Hitchcock’s Misogyny

In the online review “What’s wrong with Hitchcock’s women” at Guardian.co.uk, the author was concluded that “Hitchcock’s women are outwardly immaculate, but full of treachery and weakness”, which sort of fit into the stereotypical femme fatale category. Lisa in Rear Window, however, seemed more “pampered” compared with heroines featured in other Hitchcock films. She does not experience or engage in any traitorous schemes or horrendous crime, nor does she suffer from bad luck, mental illness or a broken family. Her only setback in the film is falling in love with man who didn’t care for her, but who eventually does so at the end of the film. Thus Hitchcock didn’t do much to teach her a “thoroughly good lesson” besides punishing her (got caught by the murderer) toward the end of the film for her impulsive (yet brave) behavior. However, Hitchcock still managed to show his misogyny through Jeff’s, or rather, his own manipulation of Lisa’s fate in the film.

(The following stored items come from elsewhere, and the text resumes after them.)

lemma axis_two_vec_decomposition:
  fixes z :: "complex ^ 'm::finite" and \<gamma> :: "'m \<Rightarrow> 'm \<Rightarrow> real"
  assumes "b \<noteq> 0" "\<And>j. \<gamma> j j = 0"
    and rows: "\<And>j. (\<Sum>k\<in>UNIV. \<gamma> j k) = max 0 (Im (z $ j))"
    and cols: "\<And>k. (\<Sum>j\<in>UNIV. \<gamma> j k) = max 0 (- Im (z $ k))"
  shows "z = (\<Sum>i\<in>UNIV. (Re (z $ i) - \<bar>Im (z $ i)\<bar> / (2 * b)) *\<^sub>R axis i 1)
           + (\<Sum>(j, k)\<in>UNIV. (\<gamma> j k / b) *\<^sub>R two_vec b j k)"
proof (unfold vec_eq_iff, intro allI)
  fix i
  define x where "x = Re (z $ i) - \<bar>Im (z $ i)\<bar> / (2 * b)"
  have abs_eq_max_sum: "\<bar>t\<bar> = max 0 t + max 0 (- t)" for t :: real by auto
  have axis_part: "(\<Sum>i'\<in>UNIV. (Re (z $ i') - \<bar>Im (z $ i')\<bar> / (2 * b)) *\<^sub>R axis i' 1 :: complex ^ 'm) $ i
      = of_real x"
    by (simp add: x_def sum_component axis_def of_real_def if_distrib[of "scaleR _"] cong: if_cong)
  have "(\<Sum>(j, k)\<in>UNIV. (\<gamma> j k / b) *\<^sub>R two_vec b j k) $ i =
      Complex (((\<Sum>k\<in>UNIV. \<gamma> i k / b) + (\<Sum>j\<in>UNIV. \<gamma> j i / b)) / 2)
              (b * ((\<Sum>k\<in>UNIV. \<gamma> i k / b) - (\<Sum>j\<in>UNIV. \<gamma> j i / b)))"
    by (rule two_vec_combination_nth) (simp add: assms(2))
  also have "\<dots> = Complex (\<bar>Im (z $ i)\<bar> / (2 * b)) (Im (z $ i))"
    using assms(1)
    by (simp add: sum_divide_distrib[symmetric] rows cols abs_eq_max_sum
        add_divide_distrib[symmetric] diff_divide_distrib[symmetric])
  finally show "z $ i = ((\<Sum>i\<in>UNIV. (Re (z $ i) - \<bar>Im (z $ i)\<bar> / (2 * b)) *\<^sub>R axis i 1)
      + (\<Sum>(j, k)\<in>UNIV. (\<gamma> j k / b) *\<^sub>R two_vec b j k)) $ i"
    using axis_part by (simp add: x_def complex_eq_iff)
qed

lemma sector_simplex_subset_convex_hull:
  assumes "0 < b"
  shows "sector_simplex (2 * b) \<subseteq> convex hull (vertex_set b :: (complex ^ 'm::finite) set)"
proof
  fix z :: "complex ^ 'm" assume "z \<in> sector_simplex (2 * b)"
  then have cone: "\<And>i. \<bar>Im (z $ i)\<bar> \<le> 2 * b * Re (z $ i)"
    and sum_z: "(\<Sum>i\<in>UNIV. z $ i) = 1"
    unfolding sector_simplex_def by auto
  have "(\<Sum>i\<in>UNIV. Im (z $ i)) = 0" using sum_z by (simp flip: Im_sum)
  then obtain \<gamma> :: "'m \<Rightarrow> 'm \<Rightarrow> real" where \<gamma>: "\<And>j k. 0 \<le> \<gamma> j k" "\<And>j. \<gamma> j j = 0"
      and rows: "\<And>j. (\<Sum>k\<in>UNIV. \<gamma> j k) = max 0 (Im (z $ j))"
      and cols: "\<And>k. (\<Sum>j\<in>UNIV. \<gamma> j k) = max 0 (- Im (z $ k))"
    using zero_sum_transport_plan by blast
  define \<mu> where "\<mu> i = Re (z $ i) - \<bar>Im (z $ i)\<bar> / (2 * b)" for i
  define \<gamma>' where "\<gamma>' j k = \<gamma> j k / b" for j k
  have abs_eq_max_sum: "\<bar>x\<bar> = max 0 x + max 0 (- x)" for x :: real by auto
  have "(\<Sum>i\<in>UNIV. \<bar>Im (z $ i)\<bar>) = (\<Sum>j\<in>UNIV. \<Sum>k\<in>UNIV. \<gamma> j k) + (\<Sum>k\<in>UNIV. \<Sum>j\<in>UNIV. \<gamma> j k)"
    by (simp add: abs_eq_max_sum rows cols sum.distrib)
  also have "(\<Sum>k\<in>UNIV. \<Sum>j\<in>UNIV. \<gamma> j k) = (\<Sum>j\<in>UNIV. \<Sum>k\<in>UNIV. \<gamma> j k)"
    by (rule sum.swap)
  finally have sum_abs_Im: "(\<Sum>i\<in>UNIV. \<bar>Im (z $ i)\<bar>) = 2 * (\<Sum>j\<in>UNIV. \<Sum>k\<in>UNIV. \<gamma> j k)"
    by simp
  have "(\<Sum>i\<in>UNIV. Re (z $ i)) = 1" using sum_z by (simp flip: Re_sum)
  then have "(\<Sum>i\<in>UNIV. \<mu> i) = 1 - (\<Sum>j\<in>UNIV. \<Sum>k\<in>UNIV. \<gamma> j k) / b"
    using assms by (simp add: \<mu>_def sum_subtractf sum_divide_distrib[symmetric] sum_abs_Im)
  moreover have "(\<Sum>(j, k)\<in>UNIV. \<gamma>' j k) = (\<Sum>j\<in>UNIV. \<Sum>k\<in>UNIV. \<gamma> j k) / b"
    by (simp add: \<gamma>'_def sum.cartesian_product[symmetric] sum_divide_distrib
        UNIV_Times_UNIV[symmetric] del: UNIV_Times_UNIV)
  ultimately have weights: "(\<Sum>i\<in>UNIV. \<mu> i) + (\<Sum>(j, k)\<in>UNIV. \<gamma>' j k) = 1" by simp
  have "0 \<le> \<mu> i" for i using cone[of i] assms by (simp add: \<mu>_def field_simps)
  then have "(\<Sum>i\<in>UNIV. \<mu> i *\<^sub>R axis i 1) + (\<Sum>(j, k)\<in>UNIV. \<gamma>' j k *\<^sub>R two_vec b j k)
      \<in> convex hull vertex_set b"
    using \<gamma> assms weights by (intro axis_two_vec_combination_in_convex_hull) (simp_all add: \<gamma>'_def)
  moreover have "z = (\<Sum>i\<in>UNIV. \<mu> i *\<^sub>R axis i 1) + (\<Sum>(j, k)\<in>UNIV. \<gamma>' j k *\<^sub>R two_vec b j k)"
    unfolding \<mu>_def \<gamma>'_def using assms \<gamma>(2) rows cols by (intro axis_two_vec_decomposition) simp_all
  ultimately show "z \<in> convex hull vertex_set b" by simp
qed
(* Let $\rho\in(-1,1)$ and let $\Sigma_\rho=\begin{pmatrix}1&\rho\\ \rho&1\end{pmatrix}$, $\Sigma_{-\rho}=\begin{pmatrix}1&-\rho\\ -\rho&1\end{pmatrix}$. Let $(X_1,Y_2)\sim \mathrm{N}(0,\Sigma_\rho)$ and $(X_2,Y_1)\sim\mathrm{N}(0,\Sigma_{-\rho})$, with the pair $(X_1,Y_2)$ independent of the pair $(X_2,Y_1)$. Then for any $w_1,w_2\ge 0$ with $w_1+w_2=1$, the random variable $w_1\frac{X_1}{Y_1}+w_2\frac{X_2}{Y_2}$ has the standard Cauchy distribution.
   Context: The standard Cauchy distribution is the distribution on $\mathbb{R}$ with density $\frac{1}{\pi(1+z^2)}$. $\mathrm{N}(0,\Sigma)$ denotes the centered bivariate normal distribution with covariance matrix $\Sigma$. *)

theory Defs
  imports "HOL-Probability.Probability"
begin

text \<open>Density of the centered bivariate normal distribution N(0,Sigma) with covariance
  matrix Sigma = [[s11, s12], [s12, s22]] (assumed positive definite):
  f(x,y) = 1/(2 pi sqrt(det Sigma)) * exp(-1/2 * (x,y) Sigma^-1 (x,y)^T).\<close>
definition binormal_density :: "real \<Rightarrow> real \<Rightarrow> real \<Rightarrow> real \<times> real \<Rightarrow> real" where
  "binormal_density s11 s12 s22 = (\<lambda>(x, y).
     let d = s11 * s22 - s12\<^sup>2 in
     exp (- (s22 * x\<^sup>2 - 2 * s12 * x * y + s11 * y\<^sup>2) / (2 * d)) / (2 * pi * sqrt d))"

definition std_cauchy_density :: "real \<Rightarrow> real" where
  "std_cauchy_density z = 1 / (pi * (1 + z\<^sup>2))"

end

theory Submission
  imports Defs
begin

In the film, the protagonist Jeff admitted Lisa was beautiful, elegant and in essence, perfect. However, Jeff was not comfortable enough when Lisa was around and would not like to marry her. Jeff could be polite, and even interested, when there was a distance between him and the women around, who served as objects to look at, such as Miss Torso and Miss Lonely Hearts across the yard. However, when women tried to enter into his life, just what Lisa did, Jeff would become bothered and showed Lisa she was unwelcome. Perhaps Lisa’s powerfulness also caused Jeff’s resistance. Mulvey suggested that subconsciously men regarded women as incomplete beings after castration. However, when Lisa is outwardly perfect, popular and successful in her, Jeff nevertheless feel threatened (out of male hegemony) despite his contempt towards Lisa’s “incompleteness”. Lisa’s physical incompleteness seems to go with her other “insufficiency” in Jeff’s eyes. For example, her career in fashion industry is taken less seriously (“who thinks of life as new dress, lobster dinner and latest scandal”) when compared with Jeff’s adventurous career as a photojournalist, He thought Lisa was neither the same type of person he was nor able to engage in the career he had.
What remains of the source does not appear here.